* [Exercise] For each line in the data that includes "True", make a copy.

=-=-=

lemma rotation_into_arc:
  fixes w :: complex and N :: nat
  assumes N: "N \<ge> 1" and w: "norm w = 1"
  shows "\<exists>k<N. cos (pi / N) \<le> Re (exp (\<i> * of_real (2 * pi * k / N)) * w)"
proof -
  define t where "t = Arg w"
  define j where "j = round (- t * N / (2 * pi))"
  define k where "k = nat (j mod N)"
  have kN: "k < N"
    using N unfolding k_def by (simp add: nat_less_iff)
  have j_close: "\<bar>2 * pi * j / N + t\<bar> \<le> pi / N"
  proof -
    have "\<bar>of_int j - (- t * N / (2 * pi))\<bar> \<le> 1/2"
      unfolding j_def by (rule of_int_round_abs_le)
    then have "\<bar>(2 * pi * j + t * N) / (2 * pi)\<bar> \<le> 1/2"
      by (simp add: field_simps)
    then have "\<bar>2 * pi * j + t * N\<bar> \<le> pi"
      by (simp add: abs_divide divide_le_eq)
    then show ?thesis
      using N by (simp add: field_simps abs_divide abs_mult)
  qed
  have "exp (\<i> * of_real (2 * pi * k / N)) = exp (\<i> * of_real (2 * pi * j / N))"
  proof -
    have "int k = j - int N * (j div N)"
      using N unfolding k_def by (simp add: minus_mult_div_eq_mod)
    then have k_eq: "real k = of_int j - real N * of_int (j div N)"
      by (metis of_int_diff of_int_mult of_int_of_nat_eq)
    have "2 * pi * k / N = 2 * pi * j / N + of_int (- (j div N)) * (pi * 2)"
      using N unfolding k_eq by (simp add: field_simps)
    then show ?thesis
      by (simp only: of_real_add distrib_left of_real_mult of_real_of_int_eq of_real_numeral
          exp_plus_2pin)
  qed
  also have "\<dots> * w = exp (\<i> * of_real (2 * pi * j / N + t))"
    using complex_norm_eq_1_exp_eq[of w] w unfolding t_def by (simp add: exp_add distrib_left)
  finally have "Re (exp (\<i> * of_real (2 * pi * k / N)) * w) = cos \<bar>2 * pi * j / N + t\<bar>"
    by (simp add: Re_exp)
  moreover have "cos (pi / N) \<le> cos \<bar>2 * pi * j / N + t\<bar>"
    using j_close N by (intro cos_monotone_0_pi_le) (auto simp: field_simps)
  ultimately show ?thesis
    using kN by auto
qed

section \<open>A Moebius map of the unit disc\<close>

lemma moebius_denom_nonzero:
  fixes r :: real and z :: complex
  assumes "0 \<le> r" "r < 1" "norm z \<le> 1"
  shows "1 + of_real r * z \<noteq> 0"
proof
  assume "1 + of_real r * z = 0"
  then have "norm (of_real r * z) = 1"
    by (metis add.commute add_eq_0_iff norm_minus_cancel norm_one)
  moreover have "norm (of_real r * z) \<le> r"
    using assms by (simp add: norm_mult mult_left_le)
  ultimately show False
    using assms by simp
qed

lemma norm_moebius_unit:
  fixes r :: real and v :: complex
  assumes "0 \<le> r" "r < 1" "norm v = 1"
  shows "norm ((v + of_real r) / (1 + of_real r * v)) = 1"
proof -
  have "1 + of_real r * v = v * cnj (v + of_real r)"
    using assms(3) by (simp add: algebra_simps complex_norm_square[symmetric])
  then have "norm (1 + of_real r * v) = norm v * norm (cnj (v + of_real r))"
    by (simp only: norm_mult)
  then have "norm (1 + of_real r * v) = norm (v + of_real r)"
    using assms(3) by (simp only: complex_mod_cnj mult_1)
  moreover have "1 + of_real r * v \<noteq> 0"
    using moebius_denom_nonzero assms by simp
  ultimately show ?thesis
    by (metis norm_divide norm_eq_zero divide_self)
qed

lemma Re_moebius_unit:
  fixes r :: real and v :: complex
  assumes "norm v = 1"
  shows "Re ((v + of_real r) / (1 + of_real r * v)) = ((1 + r\<^sup>2) * Re v + 2 * r) / (1 + 2 * r * Re v + r\<^sup>2)"
proof -
  have unit: "(Re v)\<^sup>2 + (Im v)\<^sup>2 = 1"
    using assms by (metis cmod_power2 power_one)
  have "Re ((v + of_real r) / (1 + of_real r * v)) =
      ((Re v + r) * (1 + r * Re v) + Im v * (r * Im v)) / ((1 + r * Re v)\<^sup>2 + (r * Im v)\<^sup>2)"
    by (simp add: Re_divide)
  also have "(Re v + r) * (1 + r * Re v) + Im v * (r * Im v) = (1 + r\<^sup>2) * Re v + 2 * r"
    using unit by algebra
  also have "(1 + r * Re v)\<^sup>2 + (r * Im v)\<^sup>2 = 1 + 2 * r * Re v + r\<^sup>2"
    using unit by algebra
  finally show ?thesis .
qed

lemma Re_moebius_ge:
  fixes r c \<delta> :: real and v :: complex
  assumes "0 \<le> r" "r < 1" "norm v = 1" "1 - \<delta> \<le> Re v" "c \<le> 1"
    and "\<delta> * ((1 - r)\<^sup>2 + 2 * r * (1 - c)) \<le> (1 - c) * (1 + r)\<^sup>2"
  shows "c \<le> Re ((v + of_real r) / (1 + of_real r * v))"
proof -
  have "- 1 \<le> Re v"
    using abs_Re_le_cmod[of v] assms(3) by linarith
  then have "- r \<le> r * Re v"
    using assms(1) mult_left_mono[of "-1" "Re v" r] by simp
  moreover have "0 < (1 - r)\<^sup>2"
    using assms(2) by simp
  moreover have "(1 - r)\<^sup>2 = 1 - 2 * r + r\<^sup>2"
    by (simp add: power2_diff)
  ultimately have denom_pos: "0 < 1 + 2 * r * Re v + r\<^sup>2"
    by linarith
  have "(1 - \<delta>) * ((1 - r)\<^sup>2 + 2 * r * (1 - c)) \<le> Re v * ((1 - r)\<^sup>2 + 2 * r * (1 - c))"
    using assms by (intro mult_right_mono) auto
  then have "c * (1 + 2 * r * Re v + r\<^sup>2) \<le> (1 + r\<^sup>2) * Re v + 2 * r"
    using assms(6) by (simp add: algebra_simps power2_eq_square)
  then show ?thesis
    using denom_pos by (simp add: Re_moebius_unit[OF assms(3)] pos_le_divide_eq)
qed
lemma abs_le_sqrt_if_linear_le_quadratic:
  fixes D C s :: real
  assumes "\<And>t. t * D \<le> C + t\<^sup>2 * s\<^sup>2 / 2"
  shows "\<bar>D\<bar> \<le> sqrt (2 * s\<^sup>2 * C)"
proof (cases "s = 0")
  case True
  have "D = 0"
  proof (rule ccontr)
    assume "D \<noteq> 0"
    then show False using assms[of "(C + 1) / D"] True by simp
  qed
  then show ?thesis using assms[of 0] by simp
next
  case False
  then have s2: "0 < s\<^sup>2" by simp
  have "(D / s\<^sup>2) * D \<le> C + (D / s\<^sup>2)\<^sup>2 * s\<^sup>2 / 2" by (rule assms)
  also have "(D / s\<^sup>2)\<^sup>2 * s\<^sup>2 / 2 = (D / s\<^sup>2) * D / 2" using s2 by (simp add: power2_eq_square)
  finally have "D\<^sup>2 / s\<^sup>2 \<le> 2 * C" by (simp add: power2_eq_square)
  then have "D\<^sup>2 \<le> 2 * s\<^sup>2 * C" using s2 by (simp add: divide_le_eq algebra_simps)
  then show ?thesis using real_le_rsqrt[of "\<bar>D\<bar>"] by simp
qed

lemma sqrt_add_le_two_sqrt_mean:
  fixes a b :: real
  assumes "0 \<le> a" "0 \<le> b"
  shows "sqrt a + sqrt b \<le> 2 * sqrt ((a + b) / 2)"
proof -
  have "2 * sqrt a * sqrt b \<le> a + b"
    using assms zero_le_power2[of "sqrt a - sqrt b"]
    by (simp add: power2_eq_square algebra_simps real_sqrt_mult_self)
  then have "((sqrt a + sqrt b) / 2)\<^sup>2 \<le> (a + b) / 2"
    using assms by (simp add: power2_eq_square algebra_simps real_sqrt_mult_self)
  then show ?thesis using real_le_rsqrt by fastforce
qed

lemma (in prob_space) integral_exp_pos:
  fixes f :: "'a \<Rightarrow> real"
  assumes "integrable M (\<lambda>x. exp (f x))"
  shows "0 < (\<integral>x. exp (f x) \<partial>M)"
proof -
  have "(\<integral>x. exp (f x) \<partial>M) \<noteq> 0"
    using integral_nonneg_eq_0_iff_AE[OF assms] AE_False by simp
  moreover have "0 \<le> (\<integral>x. exp (f x) \<partial>M)" by simp
  ultimately show ?thesis by linarith
qed

lemma (in prob_space) donsker_varadhan_ineq:
  fixes f h :: "'a \<Rightarrow> real"
  assumes f_nonneg: "AE x in M. 0 \<le> f x" and f_int: "integrable M f" and f_norm: "(\<integral>x. f x \<partial>M) = 1"
    and ent_int: "integrable M (\<lambda>x. f x * ln (f x))" and fh_int: "integrable M (\<lambda>x. f x * h x)"
    and exp_int: "integrable M (\<lambda>x. exp (h x))"
  shows "(\<integral>x. f x * h x \<partial>M) \<le> (\<integral>x. f x * ln (f x) \<partial>M) + ln (\<integral>x. exp (h x) \<partial>M)"
proof -
  define Z where "Z = (\<integral>x. exp (h x) \<partial>M)"
  have Z: "0 < Z" unfolding Z_def using exp_int by (rule integral_exp_pos)
  have "(\<integral>x. f x * h x \<partial>M) - ln Z = (\<integral>x. f x * h x - ln Z * f x \<partial>M)"
    using fh_int f_int f_norm by simp
  also have "\<dots> \<le> (\<integral>x. f x * ln (f x) - f x + exp (h x) / Z \<partial>M)"
  proof (rule integral_mono_AE)
    show "AE x in M. f x * h x - ln Z * f x \<le> f x * ln (f x) - f x + exp (h x) / Z"
      using f_nonneg
    proof eventually_elim
      case (elim x)
      have "(h x - ln Z) * f x \<le> f x * ln (f x) - f x + exp (h x - ln Z)"
        using elim by (rule mult_le_xlnx_minus_plus_exp)
      then show ?case using Z by (simp add: exp_diff algebra_simps)
    qed
  qed (use fh_int f_int ent_int exp_int in auto)
  also have "\<dots> = (\<integral>x. f x * ln (f x) \<partial>M)"
    using Z ent_int f_int exp_int f_norm unfolding Z_def by simp
  finally show ?thesis unfolding Z_def by simp
qed

lemma subgaussian_integrable: "subgaussian M g \<sigma> \<Longrightarrow> integrable M g"
  unfolding subgaussian_def by simp

lemma subgaussian_exp_centered:
  assumes "subgaussian M g \<sigma>"
  shows "integrable M (\<lambda>x. exp (t * (g x - (\<integral>y. g y \<partial>M))))"
    and "(\<integral>x. exp (t * (g x - (\<integral>y. g y \<partial>M))) \<partial>M) \<le> exp (t\<^sup>2 * \<sigma>\<^sup>2 / 2)"
proof -
  have mgf: "(\<integral>\<^sup>+ x. ennreal (exp (t * (g x - (\<integral>y. g y \<partial>M)))) \<partial>M)
      \<le> ennreal (exp (t\<^sup>2 * \<sigma>\<^sup>2 / 2))"
    using assms unfolding subgaussian_def by auto
  have [measurable]: "g \<in> borel_measurable M" using subgaussian_integrable[OF assms] by auto
  show int: "integrable M (\<lambda>x. exp (t * (g x - (\<integral>y. g y \<partial>M))))"
    using mgf by (intro integrableI_nonneg) (auto simp: top_unique less_top[symmetric])
  show "(\<integral>x. exp (t * (g x - (\<integral>y. g y \<partial>M))) \<partial>M) \<le> exp (t\<^sup>2 * \<sigma>\<^sup>2 / 2)"
    using mgf by (simp add: nn_integral_eq_integral[OF int])
qed
text \<open>Swap \<open>v\<close> so that \<open>y\<close> sits opposite \<open>x\<close> at position \<open>i\<close>, and send both to \<open>1\<close>.
  The pair displaced to position \<open>k\<close> costs at most \<open>c k + c i + d\<close> by two triangle inequalities.\<close>

lemma cost_swap_replace_le:
  assumes "u i = x" and "v k = y" and "x \<noteq> 0" and "y \<noteq> 0"
  shows "cost (u(i := 1)) ((v \<circ> Transposition.transpose i k)(i := 1))
           \<le> cost u v + ennreal (arcdist x y)"
proof -
  define c where "c j = ennreal (arcdist (u j) (v j))" for j
  define d where "d = ennreal (arcdist x y)"
  define rest where "rest j = (if j = i then 0 else c j)" for j
  have pointwise: "ennreal (arcdist ((u(i := 1)) j) (((v \<circ> Transposition.transpose i k)(i := 1)) j))
      \<le> rest j + (if j = k then c i + d else 0)" for j
  proof (cases "j = i \<or> j \<noteq> k")
    case True
    then show ?thesis
      by (auto simp: rest_def c_def)
  next
    case False
    have "arcdist (u k) (v i) \<le> arcdist (u k) y + arcdist y (v i)"
      using assms(4) by (rule arcdist_triangle)
    also have "\<dots> \<le> arcdist (u k) y + (arcdist y x + arcdist x (v i))"
      using assms(3) arcdist_triangle by simp
    finally have "ennreal (arcdist (u k) (v i)) \<le> c k + (c i + d)"
      using assms(1,2) arcdist_nonneg
      by (simp add: c_def d_def arcdist_commute ennreal_plus[symmetric] del: ennreal_plus ennreal_plus_if)
    with False show ?thesis
      by (simp add: rest_def)
  qed
  have "(\<Sum>j. rest j) + c i = cost u v"
  proof -
    have "(\<Sum>j. rest j) + (\<Sum>j. if j = i then c i else 0) = (\<Sum>j. rest j + (if j = i then c i else 0))"
      by (rule suminf_add) auto
    also have "(\<lambda>j. rest j + (if j = i then c i else 0)) = c"
      by (auto simp: rest_def)
    finally show ?thesis
      by (simp add: suminf_single_ennreal cost_def c_def)
  qed
  have "cost (u(i := 1)) ((v \<circ> Transposition.transpose i k)(i := 1))
      \<le> (\<Sum>j. rest j + (if j = k then c i + d else 0))"
    unfolding cost_def by (intro suminf_le pointwise) auto
  also have "\<dots> = (\<Sum>j. rest j) + (c i + d)"
    by (simp add: suminf_add[symmetric] suminf_single_ennreal)
  also have "\<dots> = cost u v + d"
    using \<open>(\<Sum>j. rest j) + c i = cost u v\<close> by (simp add: add.assoc[symmetric])
  finally show ?thesis
    by (simp add: d_def)
qed
lemma Ldef_ycyl: "Y \<in> Ldef F R m B \<Longrightarrow> ycyl n m Y \<in> Ldef F R (n + m) B"
proof -
  assume "Y \<in> Ldef F R m B"
  then obtain \<psi> where \<psi>: "fvf \<psi> \<subseteq> {..<m}" "prmf \<psi> \<subseteq> B"
      "Y = {v. length v = m \<and> sat F R (\<lambda>i. v ! i) \<psi>}"
    unfolding Ldef_def by blast
  define \<psi>' where "\<psi>' = rename_fm ((+) n) \<psi>"
  have "drop n v \<in> Y \<longleftrightarrow> sat F R (\<lambda>i. v ! i) \<psi>'" if "length v = n + m" for v :: "'a list"
  proof -
    have "sat F R (\<lambda>i. v ! i) \<psi>' = sat F R (\<lambda>i. drop n v ! i) \<psi>"
      unfolding \<psi>'_def sat_rename_fm[OF inj_on_add]
      using that \<psi>(1) by (intro sat_cong) auto
    then show ?thesis
      using that unfolding \<psi>(3) by (simp del: nth_drop)
  qed
  then have "ycyl n m Y = {v. length v = n + m \<and> sat F R (\<lambda>i. v ! i) \<psi>'}"
    unfolding ycyl_def by auto
  moreover have "fvf \<psi>' \<subseteq> {..<n + m}" "prmf \<psi>' \<subseteq> B"
    using \<psi>(1,2) by (auto simp: \<psi>'_def fvf_rename_fm prmf_rename_fm)
  ultimately show ?thesis
    unfolding Ldef_def by (intro CollectI exI[of _ \<psi>'] conjI) assumption+
qed

lemma Bxy_subset_Ldef: "Bxy F R n m A \<subseteq> Ldef F R (n + m) UNIV"
proof
  interpret Ldef: algebra "tuples (n + m)" "Ldef F R (n + m) UNIV"
    by (rule algebra_Ldef)
  fix X assume "X \<in> Bxy F R n m A"
  then show "X \<in> Ldef F R (n + m) UNIV"
    by induction (auto intro: Ldef_xcyl Ldef_mono)
qed

lemma algebra_Bxy: "algebra (tuples (n + m)) (Bxy F R n m A)"
  unfolding algebra_iff_Int
proof (intro conjI ballI)
  show "Bxy F R n m A \<subseteq> Pow (tuples (n + m))"
    using Bxy_subset_Ldef Ldef_subset_tuples by blast
  show "{} \<in> Bxy F R n m A"
    using Bxy.compl[OF Bxy.top] by simp
qed (auto intro: Bxy.compl Bxy.inter)
lemma concurrence_damped_Psi_plus:
  assumes "0 \<le> \<gamma>" "\<gamma> \<le> 1"
  shows "concurrence (damped_Psi_plus \<gamma>) = 1 - \<gamma>"
proof -
  define s where "s = (1 - \<gamma>)\<^sup>2 / 2"
  have "damped_Psi_plus \<gamma> ** spin_flip (damped_Psi_plus \<gamma>) =
      mat4 [[0, 0, 0, 0], [0, of_real s, of_real s, 0], [0, of_real s, of_real s, 0], [0, 0, 0, 0]]"
    unfolding damped_Psi_plus_def spin_flip_def s_def
    by (simp add: mat_simps) (simp add: algebra_simps power2_eq_square)
  then have "charpoly (damped_Psi_plus \<gamma> ** spin_flip (damped_Psi_plus \<gamma>)) =
      [:- of_real ((1 - \<gamma>)\<^sup>2), 1:] * [:- of_real (0\<^sup>2), 1:] * [:- of_real (0\<^sup>2), 1:] * [:- of_real (0\<^sup>2), 1:]"
    by (simp add: charpoly_X_shaped s_def algebra_simps)
  then have "proots (charpoly (damped_Psi_plus \<gamma> ** spin_flip (damped_Psi_plus \<gamma>))) =
      {#of_real ((1 - \<gamma>)\<^sup>2), of_real (0\<^sup>2), of_real (0\<^sup>2), of_real (0\<^sup>2)#}"
    by (simp only: proots_four_linear_factors)
  then have "concurrence (damped_Psi_plus \<gamma>) = max 0 ((1 - \<gamma>) - 0 - 0 - 0)"
    using assms by (intro concurrence_eqI) simp_all
  then show ?thesis
    using assms by simp
qed

theorem corollary2:
  fixes \<gamma> :: real
  assumes "0 \<le> \<gamma>" and "\<gamma> \<le> 1"
  shows "robustness (AD2 \<gamma> (outer Phi_plus)) = 1 + \<gamma> * (1 - \<gamma>) \<and>
         robustness (AD2 \<gamma> (outer Psi_plus)) = 1 \<and>
         concurrence (AD2 \<gamma> (outer Phi_plus)) = (1 - \<gamma>)\<^sup>2 \<and>
         concurrence (AD2 \<gamma> (outer Psi_plus)) = 1 - \<gamma>"
  unfolding AD2_Phi_plus[OF assms] AD2_Psi_plus[OF assms]
  using robustness_damped_Phi_plus[OF assms] robustness_damped_Psi_plus[OF assms]
    concurrence_damped_Phi_plus[OF assms] concurrence_damped_Psi_plus[OF assms]
  by simp

end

=-=-=

* [Reply to the exercise]
  case True
    then show False using assms[of "(C + 1) / D"] True by simp
    case True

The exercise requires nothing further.